Luis Zacarías

Personal information
- Full name: Luis Emiliano Zacarías Barraza
- Date of birth: 11 October 1942
- Place of birth: Coracora, Peru
- Date of death: 27 August 2023 (aged 80)
- Place of death: Cologne, Germany

Managerial career
- Years: Team
- 1975: Peru U-20
- 1977: Deportivo Municipal
- 1980: Universitario
- 1980: Peru (assistant)
- 1983–1985: MSV Duisburg
- 1987–1988: CNI
- 1988–1989: San Agustín
- 1994: Cienciano
- 1996: La Loretana
- 1997: Lawn Tennis FC
- 2003–2004: FC Locomotive Tbilisi
- 2006: SV Teutonia Coerde

= Luis Zacarías =

Peruvian football manager (1942–2023)

Luis Emiliano Zacarías Barraza (11 October 1942 – 27 August 2023) was a Peruvian football manager.

==Early life==

He was born in 1942 in Coracora (Peru). He attended the University of Cologne in Germany.

==Career==

In 1975, he was appointed manager of the Peru national under-20 football team. In 1977, he was appointed manager of Peruvian side Deportivo Municipal that he saves from relegation at the last minute. In 1980, he was appointed interim manager of Peruvian side Universitario de Deportes. The same year, he served as Juan José Tan's assistant as head of the Peruvian national football team during a friendly match against Uruguay played at the Estadio Centenario on July 18, 1980.

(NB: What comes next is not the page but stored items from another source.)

lemma intertwiner_p_rot_ur:
  assumes wf: "wf_partition p" and "1 \<le> upper p" and T: "intertwiner n u (upper p) (lower p) (Tp p)"
  shows "intertwiner n u (upper (p_rot_ur p)) (lower (p_rot_ur p)) (Tp (p_rot_ur p))"
proof -
  obtain k where k: "upper p = Suc k" using \<open>1 \<le> upper p\<close> by (cases "upper p") auto
  have "intertwiner n u k (Suc (lower p)) (Tp (p_rot_ur p))"
  proof (rule intertwiner_rotate_upper_right[OF T[unfolded k] rows_orthonormal])
    fix a j i
    show "Tp (p_rot_ur p) (idx_snoc (lower p) j a) i = Tp p j (idx_snoc k i a)"
      by (simp only: Tp_def delta_p_rot_ur[OF wf k refl])
  qed
  then show ?thesis using k by simp
qed

lemma intertwiner_p_inv:
  "intertwiner n u (upper p) (lower p) (Tp p) \<Longrightarrow> intertwiner n u (upper (p_inv p)) (lower (p_inv p)) (Tp (p_inv p))"
  unfolding Tp_p_inv p_inv_sel by (rule intertwiner_transpose)

lemma intertwiner_p_tensor:
  assumes "wf_partition p" "wf_partition q"
    and "intertwiner n u (upper p) (lower p) (Tp p)" "intertwiner n u (upper q) (lower q) (Tp q)"
  shows "intertwiner n u (upper (p_tensor p q)) (lower (p_tensor p q)) (Tp (p_tensor p q))"
  unfolding p_tensor_sel
  by (rule intertwiner_tensor[OF assms(3,4)]) (simp add: Tp_def delta_p_tensor[OF assms(1,2)])

lemma gen_cat_intertwiner:
  assumes n: "0 < n" and wf: "wf_partition g" and T: "intertwiner n u (upper g) (lower g) (Tp g)"
  shows "p \<in> gen_cat g \<Longrightarrow> wf_partition p \<and> intertwiner n u (upper p) (lower p) (Tp p)"
proof (induction rule: gen_cat.induct)
  case gen
  then show ?case using wf T by simp
next
  case pair
  have "intertwiner n u (upper p_pair) (lower p_pair) (Tp p_pair)"
    unfolding p_pair_eq
    by (rule intertwiner_p_rot_ul[OF wf_partition_p_id]) (simp_all add: intertwiner_p_id[unfolded One_nat_def])
  then show ?case by (simp add: p_pair_def wf_partition_mk_part)
next
  case ident
  then show ?case using intertwiner_p_id wf_partition_p_id by simp
next
  case (tensor a b)
  then show ?case using intertwiner_p_tensor wf_partition_p_tensor by blast
next
  case (comp a b)
  then interpret composable_partitions a b by unfold_locales auto
  show ?case using comp intertwiner_Tp_p_comp[OF n] wf_partition_p_comp by auto
next
  case (inv a)
  then show ?case using intertwiner_p_inv wf_partition_p_inv by blast
next
  case (rot_ul a)
  then show ?case using intertwiner_p_rot_ul wf_partition_p_rot_ul by blast
next
  case (rot_ur a)
  then show ?case using intertwiner_p_rot_ur wf_partition_p_rot_ur by blast
next
  case (rot_ll a)
  then show ?case unfolding p_rot_ll_eq
    by (metis intertwiner_p_inv intertwiner_p_rot_ul p_inv_sel(1) wf_partition_p_inv wf_partition_p_rot_ul)
next
  case (rot_lr a)
  then show ?case unfolding p_rot_lr_eq
    by (metis intertwiner_p_inv intertwiner_p_rot_ur p_inv_sel(1) wf_partition_p_inv wf_partition_p_rot_ur)
qed

end

subsection \<open>Local symmetries\<close>

lemma cstar_mult_self_eq_zero: "cstar x * x = 0 \<Longrightarrow> (x :: 'a::unital_cstar_algebra) = 0"
  using cstar_identity[of x] by simp

text \<open>The C*-identity forces y = x^3 - x to vanish, because y is self-adjoint with y^2 = 0.\<close>

lemma local_symmetry_cube:
  fixes x :: "'a::unital_cstar_algebra"
  assumes "local_symmetry x"
  shows "x * x * x = x"
proof -
  have sa: "cstar x = x" and x4: "x * x * x * x = x * x"
    using assms by (auto simp: local_symmetry_def is_projection_def mult.assoc)
  define y where "y = x * x * x - x"
  have "cstar y = y"
    by (simp add: y_def cstar_diff cstar_mult sa mult.assoc)
  moreover have "y * y = 0"
    by (simp add: y_def algebra_simps x4 flip: mult.assoc)
  ultimately have "y = 0"
    by (metis cstar_mult_self_eq_zero)
  then show ?thesis by (simp add: y_def)
qed

lemma local_symmetry_mult_eq_zero:
  fixes x y :: "'a::unital_cstar_algebra"
  assumes "local_symmetry x" "local_symmetry y" "(x * x) * (y * y) = 0"
  shows "x * y = 0"
proof -
  have "x * y = (x * x * x) * (y * y * y)"
    using assms(1,2) by (simp add: local_symmetry_cube)
  also have "\<dots> = x * ((x * x) * (y * y)) * y"
    by (simp add: mult.assoc)
  finally show ?thesis using assms(3) by simp
qed

lemma commuting_idempotents_mult_one_minus:
  fixes e f h :: "'a::ring_1"
  assumes "e * e = e" "f * f = f" "h * h = h" "e * f = f * e" "h * f = f * h" "e * h = h * e"
  shows "(e * (1 - f)) * (e * (1 - f)) = e * (1 - f)"
    and "(e * (1 - f)) * (h * (1 - f)) = (h * (1 - f)) * (e * (1 - f))"
  using assms by (simp_all add: algebra_simps) (metis mult.assoc)+

text \<open>Multiplying by 1 - f k removes the summand f k, so induction on the number of summands
  shows that any two of the idempotents agree; then their sum is a nonzero multiple of each.\<close>

lemma commuting_idempotents_sum_eq_zero:
  fixes f :: "'b \<Rightarrow> 'a::real_algebra_1"
  assumes "finite S" "\<forall>j\<in>S. f j * f j = f j" "\<forall>j\<in>S. \<forall>k\<in>S. f j * f k = f k * f j" "sum f S = 0"
  shows "\<forall>j\<in>S. f j = 0"
  using assms
proof (induction "card S" arbitrary: S f rule: less_induct)
  case less
  note idem = less.prems(2) and comm = less.prems(3)
  have absorb: "f j = f j * f k" if j: "j \<in> S" and k: "k \<in> S" and "j \<noteq> k" for j k
  proof -
    define g where "g x = f x * (1 - f k)" for x
    have g_idem: "\<forall>x\<in>S - {k}. g x * g x = g x"
      using commuting_idempotents_mult_one_minus(1)[of _ "f k" "f k"] idem comm k
      unfolding g_def by blast
    have g_comm: "\<forall>x\<in>S - {k}. \<forall>y\<in>S - {k}. g x * g y = g y * g x"
      using commuting_idempotents_mult_one_minus(2)[of _ "f k"] idem comm k
      unfolding g_def by blast
    have "sum f (S - {k}) = - f k"
      using less.prems(4) sum.remove[OF less.prems(1) k, of f] by (simp add: add_eq_0_iff)
    then have "sum g (S - {k}) = - f k * (1 - f k)"
      by (simp add: g_def sum_distrib_right[symmetric])
    also have "\<dots> = 0"
      using idem k by (simp add: right_diff_distrib)
    finally have "\<forall>x\<in>S - {k}. g x = 0"
      using less.hyps[OF card_Diff1_less[OF less.prems(1) k] _ g_idem g_comm] less.prems(1) by blast
    then show ?thesis
      using j \<open>j \<noteq> k\<close> by (simp add: g_def right_diff_distrib)
  qed
  show ?case
  proof
    fix j assume j: "j \<in> S"
    have "f k = f j" if "k \<in> S" for k
      using absorb[OF that j] absorb[OF j that] comm j that by (cases "k = j") auto
    then have "sum f S = real (card S) *\<^sub>R f j"
      by (simp add: scaleR_conv_of_real)
    then show "f j = 0"
      using less.prems(1,4) j by auto
  qed
qed

lemma commuting_idempotents_sum_one_orthogonal:
  fixes P :: "'b \<Rightarrow> 'a::real_algebra_1"
  assumes "finite A" and idem: "\<And>m. m \<in> A \<Longrightarrow> P m * P m = P m"
    and comm: "\<And>m m'. m \<in> A \<Longrightarrow> m' \<in> A \<Longrightarrow> P m * P m' = P m' * P m"
    and "(\<Sum>m\<in>A. P m) = 1" and "x \<in> A" "y \<in> A" "x \<noteq> y"
  shows "P x * P y = 0"
proof -
  define h where "h m = P y * P m" for m
  have h_mult: "h a * h b = P y * (P a * P b)" if "a \<in> A" for a b
  proof -
    have "h a * h b = P y * (P a * P y) * P b" by (simp add: h_def mult.assoc)
    also have "\<dots> = (P y * P y) * (P a * P b)"
      using comm[OF that \<open>y \<in> A\<close>] by (simp add: mult.assoc)
    finally show ?thesis using idem[OF \<open>y \<in> A\<close>] by simp
  qed
  have "\<forall>m\<in>A - {y}. h m * h m = h m"
    using h_mult idem by (simp add: h_def)
  moreover have "\<forall>m\<in>A - {y}. \<forall>m'\<in>A - {y}. h m * h m' = h m' * h m"
    using h_mult comm by simp
  moreover have "sum h (A - {y}) = 0"
  proof -
    have "sum P (A - {y}) = 1 - P y"
      using assms(1,4,6) sum.remove[of A y P] by (simp add: algebra_simps)
    then show ?thesis
      using idem[OF \<open>y \<in> A\<close>] by (simp add: h_def sum_distrib_left[symmetric] right_diff_distrib)
  qed
  ultimately have "\<forall>m\<in>A - {y}. h m = 0"
    by (intro commuting_idempotents_sum_eq_zero) (use assms(1) in simp_all)
  then have "h x = 0"
    using assms(5,7) by blast
  then show ?thesis
    using comm[OF \<open>x \<in> A\<close> \<open>y \<in> A\<close>] by (simp add: h_def)
qed

lemma rel_iii_of_rel_iv:
  assumes "rel_iv n u"
  shows "rel_iii n u"
  unfolding rel_iii_def
proof (intro allI impI)
  fix i j k l assume "i < n" "j < n" "k < n" "l < n"
  then have comm: "(u i j * u i j) * u k l = u k l * (u i j * u i j)"
    using assms unfolding rel_iv_def by blast
  have "(u i j * u i j) * (u k l * u k l) = ((u i j * u i j) * u k l) * u k l"
    by (simp only: mult.assoc)
  also have "\<dots> = (u k l * (u i j * u i j)) * u k l"
    by (simp only: comm)
  also have "\<dots> = u k l * ((u i j * u i j) * u k l)"
    by (simp only: mult.assoc)
  also have "\<dots> = u k l * (u k l * (u i j * u i j))"
    by (simp only: comm)
  also have "\<dots> = (u k l * u k l) * (u i j * u i j)"
    by (simp only: mult.assoc)
  finally show "(u i j * u i j) * (u k l * u k l) = (u k l * u k l) * (u i j * u i j)" .
qed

In 1983, he was appointed manager of German side MSV Duisburg. He helped the club achieve third place. In 1987, he was appointed manager of Peruvian side Colegio Nacional Iquitos. In 1988, he was appointed manager of Peruvian side Deportivo San Agustín. In 1994, he was appointed manager of Peruvian side Cienciano. In 1996, he was appointed manager of Peruvian side La Loretana. In 1997, he was appointed manager of Peruvian side Lawn Tennis FC. In 2003, he was appointed manager of Georgian side FC Locomotive Tbilisi. In 2006, he was appointed manager of German side SV Teutonia Coerde.

==Personal life and death==

After retiring from professional football management, he lived in Cologne, Germany. He worked as a columnist for Peruvian newspaper El Comercio. He died in Cologne at the age of 80.